As chairman of the Performance Audit Committee, Muri worked with the Justice Management Institution to improve the processes involved in the Pierce County judicial system.

As a Councilmember, Muri was committed to supporting veterans and protecting their 50,000 family wage jobs at Joint Base Lewis McChord. He is also heavily involved with conservation and land preservation projects around the district, such as protecting the undeveloped 18 acre Salter's Point woods in Steilacoom and expanding Lakewood's Wards Lake Park.

===Community service===
Muri received the Tacoma-Pierce County Chamber of Commerce John H. Anderson Military Citizen of the Year Award for 1996 and was inducted into the Fort Lewis Civilian Hall of Fame in a ceremony at Fort Lewis in January 2006. Other community recognition includes the 2002 Washington State District Three Middle School Wrestling Coach of the Year Award. He was inducted into the National Wrestling Hall of Fame in 2017. He was selected out of 330 National Drive Electric Week "City Captains" as City Captain of the Year in 2018 by Plug In America. In 2019 Muri was selected by the Steilacoom Kiwanis and Chamber of Commerce as the Steilacoom Citizen of the Year.

A Charter member of the Kiwanis Club of Steilacoom in 1993. He is Past President of the Steilacoom Kiwanis Club - a community partner with the 42nd Military Police Brigade at Fort Lewis; a former member of the Steilacoom Historical School District #1 Board of Directors (1997 to 2004); Pierce County Council District # 6 2003 - 2012, 28th District State Representative Position # 1 2013 - 2018, co-founder and Director of the Steilacoom Lakewood Youth Wrestling Association (1991 to 2005); past member of Bates Management Training Center Board of Directors; and active member of many local Veteran organizations.

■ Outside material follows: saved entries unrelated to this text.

lemma periodic_Ck_norm_le_bounds:
  fixes f :: "('a::euclidean_space \<times> 'b::euclidean_space) \<times> 'c::euclidean_space \<Rightarrow> real"
  assumes norm_le: "Ck_norm_le k f ((cbox 0 (\<Sum>e\<in>Basis. p *\<^sub>R e) \<times> Y) \<times> UNIV) M" and "1 \<le> k" and "p > 0"
    and periodic: "\<forall>u v t. \<forall>e\<in>Basis. f ((u + p *\<^sub>R e, v), t) = f ((u, v), t)"
    and diff: "\<forall>q. f differentiable at q"
    and "v \<in> Y"
  shows "\<bar>f ((u, v), t)\<bar> \<le> M"
    and "\<forall>e\<in>Basis. \<bar>frechet_derivative f (at ((u, v), t)) e\<bar> \<le> M"
proof -
  obtain u' where "u' \<in> cbox 0 (\<Sum>e\<in>Basis. p *\<^sub>R e)" "f ((u, v), t) = f ((u', v), t)"
    using periodic_eq_at_cube_point[of "\<lambda>u. f ((u, v), t)"] periodic \<open>p > 0\<close> by blast
  then show "\<bar>f ((u, v), t)\<bar> \<le> M"
    using Ck_norm_le_value[OF norm_le] \<open>v \<in> Y\<close> by simp
  show "\<forall>e\<in>Basis. \<bar>frechet_derivative f (at ((u, v), t)) e\<bar> \<le> M"
  proof
    fix e :: "('a \<times> 'b) \<times> 'c" assume "e \<in> Basis"
    have "frechet_derivative f (at ((u + p *\<^sub>R b, v), t)) = frechet_derivative f (at ((u, v), t))"
      if "b \<in> Basis" for u b
    proof -
      have "\<forall>q. f (q + ((p *\<^sub>R b, 0), 0)) = f q"
        using periodic that by (simp add: split_paired_all)
      from frechet_derivative_periodic[OF this diff[rule_format, of "((u, v), t)"]] show ?thesis
        by simp
    qed
    then have "\<forall>u. \<forall>b\<in>Basis. frechet_derivative f (at ((u + p *\<^sub>R b, v), t)) e
        = frechet_derivative f (at ((u, v), t)) e"
      by simp
    then obtain u' where "u' \<in> cbox 0 (\<Sum>e\<in>Basis. p *\<^sub>R e)"
        "frechet_derivative f (at ((u, v), t)) e = frechet_derivative f (at ((u', v), t)) e"
      using periodic_eq_at_cube_point[of "\<lambda>u. frechet_derivative f (at ((u, v), t)) e"] \<open>p > 0\<close> by blast
    then show "\<bar>frechet_derivative f (at ((u, v), t)) e\<bar> \<le> M"
      using Ck_norm_le_partial[OF norm_le \<open>1 \<le> k\<close>] \<open>v \<in> Y\<close> \<open>e \<in> Basis\<close> by simp
  qed
qed

section \<open>Energy drift along orbits\<close>

lemma abs_inner_diff_le:
  fixes a b c d :: "'a::real_inner"
  shows "\<bar>a \<bullet> d - b \<bullet> c\<bar> \<le> norm a * norm d + norm b * norm c"
  by (rule order_trans[OF abs_triangle_ineq4 add_mono]) (simp_all add: Cauchy_Schwarz_ineq2)

lemma inner_symmetric_matrix:
  fixes A :: "real^'n^'n"
  assumes "transpose A = A"
  shows "v \<bullet> (A *v w) = w \<bullet> (A *v v)"
proof -
  have "v \<bullet> (A *v w) = (v v* A) \<bullet> w"
    by (simp add: dot_lmul_matrix)
  also have "v v* A = A *v v"
    using vector_transpose_matrix[of v A] assms by simp
  finally show ?thesis
    by (simp add: inner_commute)
qed

lemma has_derivative_kinetic_minus_potential:
  fixes A :: "real^'n^'n" and V :: "real^'n \<Rightarrow> real"
  assumes "transpose A = A" and "GDERIV V u :> g"
  shows "((\<lambda>z. 1/2 * (snd z \<bullet> (A *v snd z)) - V (fst z)) has_derivative
      (\<lambda>h. fst h \<bullet> (- g) + snd h \<bullet> (A *v v))) (at (u, v))"
proof -
  have kinetic: "((\<lambda>z. snd z \<bullet> (A *v snd z)) has_derivative
      (\<lambda>h. v \<bullet> (A *v snd h) + snd h \<bullet> (A *v v))) (at (u, v))"
    by (auto intro!: derivative_eq_intros bounded_linear.has_derivative[OF matrix_vector_mul_bounded_linear])
  have potential: "((\<lambda>z. V (fst z)) has_derivative (\<lambda>h. fst h \<bullet> g)) (at (u, v))"
    using has_derivative_compose[OF has_derivative_fst[OF has_derivative_ident]] assms(2)
    by (auto simp: gderiv_def)
  have "((\<lambda>z. 1/2 * (snd z \<bullet> (A *v snd z)) - V (fst z)) has_derivative
      (\<lambda>h. 1/2 * (v \<bullet> (A *v snd h) + snd h \<bullet> (A *v v)) - fst h \<bullet> g)) (at (u, v))"
    by (intro has_derivative_diff has_derivative_mult_right kinetic potential)
  then show ?thesis
    using inner_symmetric_matrix[OF assms(1), of v] by simp
qed

lemma ham_orbit_energy_derivative:
  fixes H :: "real^2 \<Rightarrow> real^2 \<Rightarrow> real" and P :: "real^2 \<Rightarrow> real^2 \<Rightarrow> real \<Rightarrow> real"
  assumes orbit: "ham_orbit (\<lambda>u v s. H u v + P u v s) x y s0 s1" and "s \<in> {s0..s1}"
    and H0_deriv: "((\<lambda>z. H (fst z) (snd z)) has_derivative (\<lambda>h. fst h \<bullet> a + snd h \<bullet> b)) (at (x s, y s))"
    and P_grad_x: "GDERIV (\<lambda>u. P u (y s) s) (x s) :> c"
    and P_grad_y: "GDERIV (\<lambda>v. P (x s) v s) (y s) :> d"
  shows "((\<lambda>t. H (x t) (y t)) has_real_derivative (a \<bullet> d - b \<bullet> c)) (at s within {s0..s1})"
proof -
  obtain gx gy where
    gx: "GDERIV (\<lambda>u. H u (y s) + P u (y s) s) (x s) :> gx" and
    gy: "GDERIV (\<lambda>v. H (x s) v + P (x s) v s) (y s) :> gy" and
    x': "(x has_vector_derivative gy) (at s within {s0..s1})" and
    y': "(y has_vector_derivative - gx) (at s within {s0..s1})"
    using orbit \<open>s \<in> {s0..s1}\<close> unfolding ham_orbit_def by blast
  have "((\<lambda>u. (u, y s)) has_derivative (\<lambda>h. (h, 0))) (at (x s))"
    by (auto intro!: derivative_eq_intros)
  from has_derivative_compose[OF this H0_deriv] have "GDERIV (\<lambda>u. H u (y s)) (x s) :> a"
    by (simp add: gderiv_def)
  then have "gx = a + c"
    using gderiv_unique[OF gx GDERIV_add] P_grad_x by blast
  have "((\<lambda>v. (x s, v)) has_derivative (\<lambda>h. (0, h))) (at (y s))"
    by (auto intro!: derivative_eq_intros)
  from has_derivative_compose[OF this H0_deriv] have "GDERIV (\<lambda>v. H (x s) v) (y s) :> b"
    by (simp add: gderiv_def)
  then have "gy = b + d"
    using gderiv_unique[OF gy GDERIV_add] P_grad_y by blast
  have "((\<lambda>t. (x t, y t)) has_derivative (\<lambda>h. (h *\<^sub>R gy, h *\<^sub>R - gx))) (at s within {s0..s1})"
    using x' y' by (auto simp: has_vector_derivative_def intro: has_derivative_Pair)
  from has_derivative_compose[OF this H0_deriv]
  have "((\<lambda>t. H (x t) (y t)) has_derivative (\<lambda>h. (gy \<bullet> a - gx \<bullet> b) * h)) (at s within {s0..s1})"
    by (simp add: algebra_simps)
  moreover have "gy \<bullet> a - gx \<bullet> b = a \<bullet> d - b \<bullet> c"
    unfolding \<open>gx = a + c\<close> \<open>gy = b + d\<close> by (simp add: inner_add_left inner_commute[of d a] inner_commute[of c b] inner_commute[of a b])
  ultimately show ?thesis
    by (simp add: has_field_derivative_def)
qed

==Congressional Campaigns==

Muri challenged Democratic incumbent Adam Smith for . Smith defeated Muri 55% to 45% to remain in office.

In 2012 Muri ran again for Congress, this time in the newly created 10th Congressional District.

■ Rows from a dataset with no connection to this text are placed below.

(* Let $\mathbf P=UV^\top$ be the transition matrix of a Markov chain on $\{1,\dots,p\}$ with stationary distribution $\pi$ having all entries positive, where $U,V\in\mathbb R^{p\times r}$ are entrywise nonnegative with $U\mathbf 1_r=\mathbf 1_p$, $V^\top\mathbf 1_p=\mathbf 1_r$, each meta-state has an anchor state, and $\mathrm{rank}(U)=r$. Let $\mathbf H=[\mathbf h_1,\dots,\mathbf h_r]$ contain the right singular vectors of $\mathbf Q=\mathrm{diag}(\pi)\mathbf P[\mathrm{diag}(\pi)]^{-1/2}$ associated with its nonzero singular values. Then there exists a simplicial cone in $\mathbb R^r$ with $r$ extreme rays such that all rows of $\mathbf H$ are contained in this simplicial cone. Furthermore, for all anchor states $j$ of a meta-state, the $j$-th row of $\mathbf H$ lies exactly on one extreme ray of this simplicial cone.
   Context: A state $j$ is an anchor state of meta-state $k$ if $V_{jk}>0$ and $V_{js}=0$ for all $s\neq k$. A simplicial cone in $\mathbb R^r$ with $r$ extreme rays is a set $\{\sum_{k=1}^ra_k\boldsymbol\ell_k: a_k\ge0\}$ for linearly independent $\boldsymbol\ell_1,\dots,\boldsymbol\ell_r\in\mathbb R^r$, its extreme rays being $\{a\boldsymbol\ell_k:a\ge0\}$. *)

theory Defs
  imports "HOL-Analysis.Analysis"
begin

text \<open>Matrices are rendered as real^'n^'m (m rows, n columns), entry (i,j) is A$i$j.\<close>

definition diag_mat :: "real^'n \<Rightarrow> real^'n^'n" where
  "diag_mat v = (\<chi> i j. if i = j then v $ i else 0)"

definition stochastic_matrix :: "real^'n^'n \<Rightarrow> bool" where
  "stochastic_matrix P \<longleftrightarrow> (\<forall>i j. P $ i $ j \<ge> 0) \<and> (\<forall>i. (\<Sum>j\<in>UNIV. P $ i $ j) = 1)"

definition stationary_distribution :: "real^'n^'n \<Rightarrow> real^'n \<Rightarrow> bool" where
  "stationary_distribution P \<pi> \<longleftrightarrow> (\<forall>i. \<pi> $ i \<ge> 0) \<and> (\<Sum>i\<in>UNIV. \<pi> $ i) = 1 \<and> \<pi> v* P = \<pi>"

definition anchor_state :: "real^'r^'p \<Rightarrow> 'p \<Rightarrow> 'r \<Rightarrow> bool" where
  "anchor_state V j k \<longleftrightarrow> V $ j $ k > 0 \<and> (\<forall>s. s \<noteq> k \<longrightarrow> V $ j $ s = 0)"

definition right_singular_vector :: "real^'n^'m \<Rightarrow> real \<Rightarrow> real^'n \<Rightarrow> bool" where
  "right_singular_vector Q \<sigma> h \<longleftrightarrow> \<sigma> > 0 \<and> norm h = 1 \<and>
     (\<exists>u. norm u = 1 \<and> Q *v h = \<sigma> *\<^sub>R u \<and> transpose Q *v u = \<sigma> *\<^sub>R h)"

definition simplicial_cone :: "('r \<Rightarrow> real^'r) \<Rightarrow> (real^'r) set" where
  "simplicial_cone l = {(\<Sum>k\<in>UNIV. a k *\<^sub>R l k) | a. \<forall>k. a k \<ge> 0}"

definition extreme_ray :: "('r \<Rightarrow> real^'r) \<Rightarrow> 'r \<Rightarrow> (real^'r) set" where
  "extreme_ray l k = {a *\<^sub>R l k | a. a \<ge> 0}"

end

theory Submission
  imports Defs
begin

text \<open>Transposing \<open>Q = diag(\<pi>) U V\<^sup>T diag(\<pi>)^(-1/2)\<close> shows that
  every right singular vector for a nonzero singular value lies in the column space of
  \<open>D = diag(\<pi>)^(-1/2) V\<close>, so \<open>H = D W\<close> for some \<open>r \<times> r\<close> matrix \<open>W\<close>.
  Since \<open>H\<^sup>T H = I\<close>, the matrix \<open>W\<close> is invertible and its rows \<open>\<ell>\<^sub>k\<close> are linearly independent.
  Row \<open>j\<close> of \<open>H\<close> is \<open>\<Sum>\<^sub>k D\<^sub>j\<^sub>k \<ell>\<^sub>k\<close> with \<open>D \<ge> 0\<close>, so it lies in the cone spanned by
  the \<open>\<ell>\<^sub>k\<close>; for an anchor state \<open>j\<close> of \<open>k\<close> only \<open>D\<^sub>j\<^sub>k > 0\<close> survives.\<close>

lemma transpose_diag_mat: "transpose (diag_mat v) = diag_mat v"
  by (simp add: vec_eq_iff diag_mat_def transpose_def)

lemma diag_mat_mult_nth: "(diag_mat v ** A) $ i $ j = v $ i * A $ i $ j"
  by (simp add: matrix_matrix_mult_def diag_mat_def if_distrib[of "\<lambda>x. x * _"] cong: if_cong)

lemma right_singular_vector_in_range_transpose:
  assumes "right_singular_vector Q \<sigma> h"
  shows "\<exists>x. h = transpose Q *v x"
proof -
  obtain u where "\<sigma> > 0" "transpose Q *v u = \<sigma> *\<^sub>R h"
    using assms unfolding right_singular_vector_def by blast
  then have "h = transpose Q *v ((1 / \<sigma>) *\<^sub>R u)"
    by (simp add: matrix_vector_mult_scaleR)
  then show ?thesis by blast
qed

lemma matrix_factor_through_columns:
  fixes H :: "'a::comm_semiring_1^'n^'m" and M :: "'a^'k^'m"
  assumes "\<And>j. \<exists>x. column j H = M *v x"
  shows "\<exists>W. H = M ** W"
proof -
  obtain w where w: "\<And>j. column j H = M *v w j"
    using assms by metis
  have "H $ i $ j = (M *v w j) $ i" for i j
    using w[of j] by (simp add: column_def vec_eq_iff)
  then have "H = M ** (\<chi> i j. w j $ i)"
    by (simp add: vec_eq_iff matrix_matrix_mult_def matrix_vector_mult_def)
  then show ?thesis by blast
qed

lemma transpose_mult_self_eq_mat_1:
  fixes H :: "real^'n^'m"
  assumes "\<forall>k l. column k H \<bullet> column l H = (if k = l then 1 else 0)"
  shows "transpose H ** H = mat 1"
proof -
  have "(transpose H ** H) $ k $ l = column k H \<bullet> column l H" for k l
    by (simp add: matrix_matrix_mult_def transpose_def inner_vec_def column_def)
  then show ?thesis using assms by (simp add: vec_eq_iff mat_def)
qed

lemma inj_independent_if_scalars_zero:
  fixes l :: "'i::finite \<Rightarrow> 'a::real_vector"
  assumes scalars_zero: "\<And>c. (\<Sum>i\<in>UNIV. c i *\<^sub>R l i) = 0 \<Longrightarrow> \<forall>i. c i = 0"
  shows "inj l" and "independent (range l)"
proof -
  show inj: "inj l"
  proof (rule injI, rule ccontr)
    fix i i' assume "l i = l i'" "i \<noteq> i'"
    let ?c = "\<lambda>m. (if m = i then 1 else 0) - (if m = i' then 1 else 0) :: real"
    have "(\<Sum>m\<in>UNIV. ?c m *\<^sub>R l m) = l i - l i'"
      by (simp add: scaleR_left_diff_distrib sum_subtractf if_distrib[of "\<lambda>x. x *\<^sub>R _"] cong: if_cong)
    also have "\<dots> = 0" using \<open>l i = l i'\<close> by simp
    finally have "?c i = 0" by (rule scalars_zero[THEN spec])
    then show False using \<open>i \<noteq> i'\<close> by simp
  qed
  show "independent (range l)"
  proof (rule independent_if_scalars_zero)
    fix f x assume sum0: "(\<Sum>x\<in>range l. f x *\<^sub>R x) = 0" and "x \<in> range l"
    have "(\<Sum>i\<in>UNIV. f (l i) *\<^sub>R l i) = 0"
      using sum0 inj by (simp add: sum.reindex)
    then have "\<forall>i. f (l i) = 0" by (rule scalars_zero)
    then show "f x = 0" using \<open>x \<in> range l\<close> by blast
  qed simp
qed

lemma rows_inj_independent_if_right_invertible:
  fixes W :: "real^'n^'m"
  assumes "W ** B = mat 1"
  shows "inj (\<lambda>i. row i W)" and "independent (range (\<lambda>i. row i W))"
  using assms matrix_right_invertible_independent_rows[of W]
  by (auto simp: scalar_mult_eq_scaleR intro!: inj_independent_if_scalars_zero)

lemma row_matrix_mult: "row j (A ** W) = (\<Sum>i\<in>UNIV. A $ j $ i *\<^sub>R row i W)"
  by (simp add: vec_eq_iff sum_component row_def matrix_matrix_mult_def)

lemma row_matrix_mult_single_support:
  assumes "\<And>i. i \<noteq> k \<Longrightarrow> A $ j $ i = 0"
  shows "row j (A ** W) = A $ j $ k *\<^sub>R row k W"
  unfolding row_matrix_mult using assms by (subst sum.remove[of _ k]) auto

lemma row_matrix_mult_in_simplicial_cone:
  fixes A :: "real^'r^'p"
  assumes "\<forall>i. A $ j $ i \<ge> 0"
  shows "row j (A ** W) \<in> simplicial_cone (\<lambda>i. row i W)"
  unfolding simplicial_cone_def row_matrix_mult using assms by blast

lemma unique_extreme_ray_of_positive_multiple:
  fixes l :: "'r::finite \<Rightarrow> real^'r"
  assumes "inj l" "independent (range l)" "c > 0"
  shows "\<exists>!k'. c *\<^sub>R l k \<in> extreme_ray l k'"
proof (rule ex1I[of _ k])
  show "c *\<^sub>R l k \<in> extreme_ray l k"
    unfolding extreme_ray_def using \<open>c > 0\<close> by force
next
  fix k' assume "c *\<^sub>R l k \<in> extreme_ray l k'"
  then obtain b where b: "c *\<^sub>R l k = b *\<^sub>R l k'"
    unfolding extreme_ray_def by blast
  show "k' = k"
  proof (rule ccontr)
    assume "k' \<noteq> k"
    then have "l k' \<in> range l - {l k}"
      using \<open>inj l\<close> by (auto dest: injD)
    moreover have "l k = (b / c) *\<^sub>R l k'"
      using arg_cong[OF b, of "scaleR (1 / c)"] \<open>c > 0\<close> by simp
    ultimately have "l k \<in> span (range l - {l k})"
      by (simp add: span_base span_scale)
    then show False
      using \<open>independent (range l)\<close> unfolding dependent_def by blast
  qed
qed

theorem mainTheorem13:
  fixes U V :: "real^'r::finite^'p::finite"
    and P Q :: "real^'p^'p"
    and \<pi> :: "real^'p"
    and H :: "real^'r^'p"
  assumes P_def: "P = U ** transpose V"
    and markov: "stochastic_matrix P"
    and stat: "stationary_distribution P \<pi>"
    and pi_pos: "\<forall>i. \<pi> $ i > 0"
    and U_nonneg: "\<forall>i k. U $ i $ k \<ge> 0"
    and V_nonneg: "\<forall>j k. V $ j $ k \<ge> 0"
    and U_rows: "U *v (\<chi> k. 1) = (\<chi> i. 1)"
    and V_cols: "transpose V *v (\<chi> j. 1) = (\<chi> k. 1)"
    and anchors: "\<forall>k. \<exists>j. anchor_state V j k"
    and rankU: "rank U = CARD('r)"
    and Q_def: "Q = diag_mat \<pi> ** P ** diag_mat (\<chi> i. 1 / sqrt (\<pi> $ i))"
    and H_orth: "\<forall>k l. (column k H) \<bullet> (column l H) = (if k = l then 1 else 0)"
    and H_sing: "\<forall>k. \<exists>\<sigma>. right_singular_vector Q \<sigma> (column k H)"
  shows "\<exists>l :: 'r \<Rightarrow> real^'r. inj l \<and> independent (range l) \<and>
           (\<forall>j. row j H \<in> simplicial_cone l) \<and>
           (\<forall>j k. anchor_state V j k \<longrightarrow> (\<exists>!k'. row j H \<in> extreme_ray l k'))"
proof -
  \<comment> \<open>Only positivity of \<open>\<pi>\<close> and \<open>V \<ge> 0\<close> enter.\<close>
  define D where "D = diag_mat (\<chi> i. 1 / sqrt (\<pi> $ i)) ** V"
  have D_nth: "D $ j $ i = V $ j $ i / sqrt (\<pi> $ j)" for j i
    by (simp add: D_def diag_mat_mult_nth)
  have "transpose Q = D ** (transpose U ** diag_mat \<pi>)"
    by (simp add: Q_def P_def D_def matrix_transpose_mul transpose_diag_mat matrix_mul_assoc)
  then have "\<exists>x. column k H = D *v x" for k
    using H_sing right_singular_vector_in_range_transpose
    by (metis matrix_vector_mul_assoc)
  then obtain W where H_eq: "H = D ** W"
    using matrix_factor_through_columns by blast
  have "(transpose H ** D) ** W = mat 1"
    using transpose_mult_self_eq_mat_1[OF H_orth] by (simp add: H_eq matrix_mul_assoc)
  then have "W ** (transpose H ** D) = mat 1"
    by (rule matrix_left_right_inverse[THEN iffD1])
  note rows_W = rows_inj_independent_if_right_invertible[OF this]
  have cone: "row j H \<in> simplicial_cone (\<lambda>i. row i W)" for j
    unfolding H_eq using V_nonneg pi_pos
    by (intro row_matrix_mult_in_simplicial_cone) (simp add: D_nth less_imp_le)
  have "\<exists>!k'. row j H \<in> extreme_ray (\<lambda>i. row i W) k'" if "anchor_state V j k" for j k
  proof -
    have "row j H = D $ j $ k *\<^sub>R row k W"
      unfolding H_eq using that by (intro row_matrix_mult_single_support) (simp add: D_nth anchor_state_def)
    moreover have "D $ j $ k > 0"
      using that pi_pos by (simp add: D_nth anchor_state_def)
    ultimately show ?thesis
      using rows_W unique_extreme_ray_of_positive_multiple[of "\<lambda>i. row i W"] by simp
  qed
  then show ?thesis
    using rows_W cone by blast
qed

end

Muri was defeated in his bid to become the district's first congressman by former state legislator Denny Heck 58.6% to 41.4%.

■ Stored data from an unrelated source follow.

end

theory Submission imports Defs begin

(* Write r = 2*gamma in (1,2).  The inner product fbm_ip gamma N i j equals
   N^(-r) * rho r (i - j), where rho r is half the second difference of |n|^r.  By the mean
   value theorem rho r n decays like (1 + |n|)^(-(2-r)), so every factor of the summand
   is at most 10 N^(-r) w(x,y) with the decay kernel w = decay (2-r).  The summand has
   total degree 2q; an elementary AM-GM type estimate bounds the resulting monomial in w
   by a "pattern" of q-th powers of w, i.e. of the kernel g = decay s with s = q(2-r).
   The hypothesis gamma > 1 - 1/(2q) means exactly s < 1, so row sums of g are
   O(N^(1-s)), and the quadruple sum of the pattern is O(N^2 * N^(2-2s)).  Collecting
   the powers of N, the exponents cancel: (4q-4) - 2qr + 2 + 2(1-s) = 0.
   The file proves the decay of rho, the row-sum estimate, the monomial estimate and the
   quadruple-sum estimate in turn, and derives the theorem from them at the end. *)

section \<open>Decay of the second difference of |n|^r\<close>

lemma mvt_powr:
  fixes x y e :: real assumes "0 < x" "x < y"
  shows "\<exists>z. x < z \<and> z < y \<and> y powr e - x powr e = (y - x) * (e * z powr (e-1))"
proof -
  have "\<And>t. x \<le> t \<Longrightarrow> t \<le> y \<Longrightarrow> DERIV (\<lambda>t. t powr e) t :> e * t powr (e-1)"
    using assms by (intro has_real_derivative_powr) auto
  from MVT2[OF assms(2) this] show ?thesis by blast
qed

text \<open>The covariance of increments of fractional Brownian motion at integer lag n,
  with r = 2*gamma.\<close>
definition rho :: "real \<Rightarrow> int \<Rightarrow> real" where
  "rho r n = (1/2) * (\<bar>real_of_int (n+1)\<bar> powr r + \<bar>real_of_int (n-1)\<bar> powr r
                      - 2 * \<bar>real_of_int n\<bar> powr r)"

lemma fbm_ip_eq_rho: "fbm_ip g N i j = real N powr (-2*g) * rho (2*g) (i-j)"
  unfolding fbm_ip_def rho_def by (simp add: algebra_simps)

lemma rho_minus: "rho r (-n) = rho r n"
  unfolding rho_def by (simp add: abs_minus_commute add.commute)

text \<open>Away from the origin the second difference of x^r is controlled by the second
  derivative, i.e. it decays like x^(r-2); two applications of the mean value theorem.\<close>
lemma second_difference_powr_bound:
  fixes x r :: real assumes "2 \<le> x" "1 < r" "r < 2"
  shows "\<bar>(1/2) * ((x+1) powr r + (x-1) powr r - 2 * x powr r)\<bar> \<le> 6 * (1+x) powr (-(2-r))"
proof -
  obtain z1 where z1: "x < z1" "z1 < x+1" "(x+1) powr r - x powr r = ((x+1) - x) * (r * z1 powr (r-1))"
    using mvt_powr[of x "x+1" r] assms by auto
  obtain z2 where z2: "x-1 < z2" "z2 < x" "x powr r - (x-1) powr r = (x - (x-1)) * (r * z2 powr (r-1))"
    using mvt_powr[of "x-1" x r] assms by auto
  obtain z3 where z3: "x-1 < z3" "z3 < x+1"
      "(x+1) powr (r-1) - (x-1) powr (r-1) = ((x+1) - (x-1)) * ((r-1) * z3 powr (r-1-1))"
    using mvt_powr[of "x-1" "x+1" "r-1"] assms by auto
  have diff_eq: "(1/2) * ((x+1) powr r + (x-1) powr r - 2 * x powr r)
                 = (1/2) * r * (z1 powr (r-1) - z2 powr (r-1))"
    using z1(3) z2(3) by (simp add: algebra_simps)
  have diff_nonneg: "0 \<le> (1/2) * r * (z1 powr (r-1) - z2 powr (r-1))"
    using z1 z2 assms by (simp add: powr_mono2)
  have z3_bound: "z3 powr (r-1-1) \<le> (1+x) powr (-(2-r)) * 3"
  proof -
    have "z3 powr (r-1-1) \<le> (x-1) powr (-(2-r))"
      using z3 assms by (simp add: powr_mono2' algebra_simps)
    also have "\<dots> \<le> ((1+x)/3) powr (-(2-r))" using assms by (intro powr_mono2') auto
    also have "\<dots> = (1+x) powr (-(2-r)) * 3 powr (2-r)"
      by (simp add: powr_divide powr_minus divide_simps flip: powr_add)
    also have "\<dots> \<le> (1+x) powr (-(2-r)) * 3"
      using powr_mono[of "2-r" 1 3] assms by (intro mult_left_mono) auto
    finally show ?thesis .
  qed
  have "(1/2) * r * (z1 powr (r-1) - z2 powr (r-1)) \<le> (1/2) * r * ((x+1) powr (r-1) - (x-1) powr (r-1))"
    using z1 z2 assms by (intro mult_left_mono diff_mono powr_mono2) auto
  also have "\<dots> = r * ((r-1) * z3 powr (r-1-1))" using z3(3) by simp
  also have "\<dots> \<le> 2 * (1 * ((1+x) powr (-(2-r)) * 3))"
    using assms z3_bound by (intro mult_mono) auto
  finally show ?thesis using diff_eq diff_nonneg by simp
qed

==Washington State House of Representatives==
===Appointment===
On May 29, 2013, longtime state legislator Senator Mike Carrell died from complications with myelodysplastic syndrome. On June 5, 2013, Representative Steve O'Ban was appointed by the Pierce County Council to fill the vacant seat in the State Senate.

On July 3, 2013, Muri was unanimously appointed by the Pierce County Council to fill the seat vacated by O'Ban.

===Legislative Campaigns===
- 2014

Muri ran to retain his seat against Democratic challenger Mary Moss. Muri prevailed 57.8% to 42.2%.

===Tenure===
In 2018 Muri served as the assistant ranking member of the State of Washington House of Representatives Education Committee and assistant ranking member of the House Judiciary. Muri is also a former member of the House Early Learning and Human Services Committee.

== Awards ==
- 2014 Guardians of Small Business award. Presented by NFIB.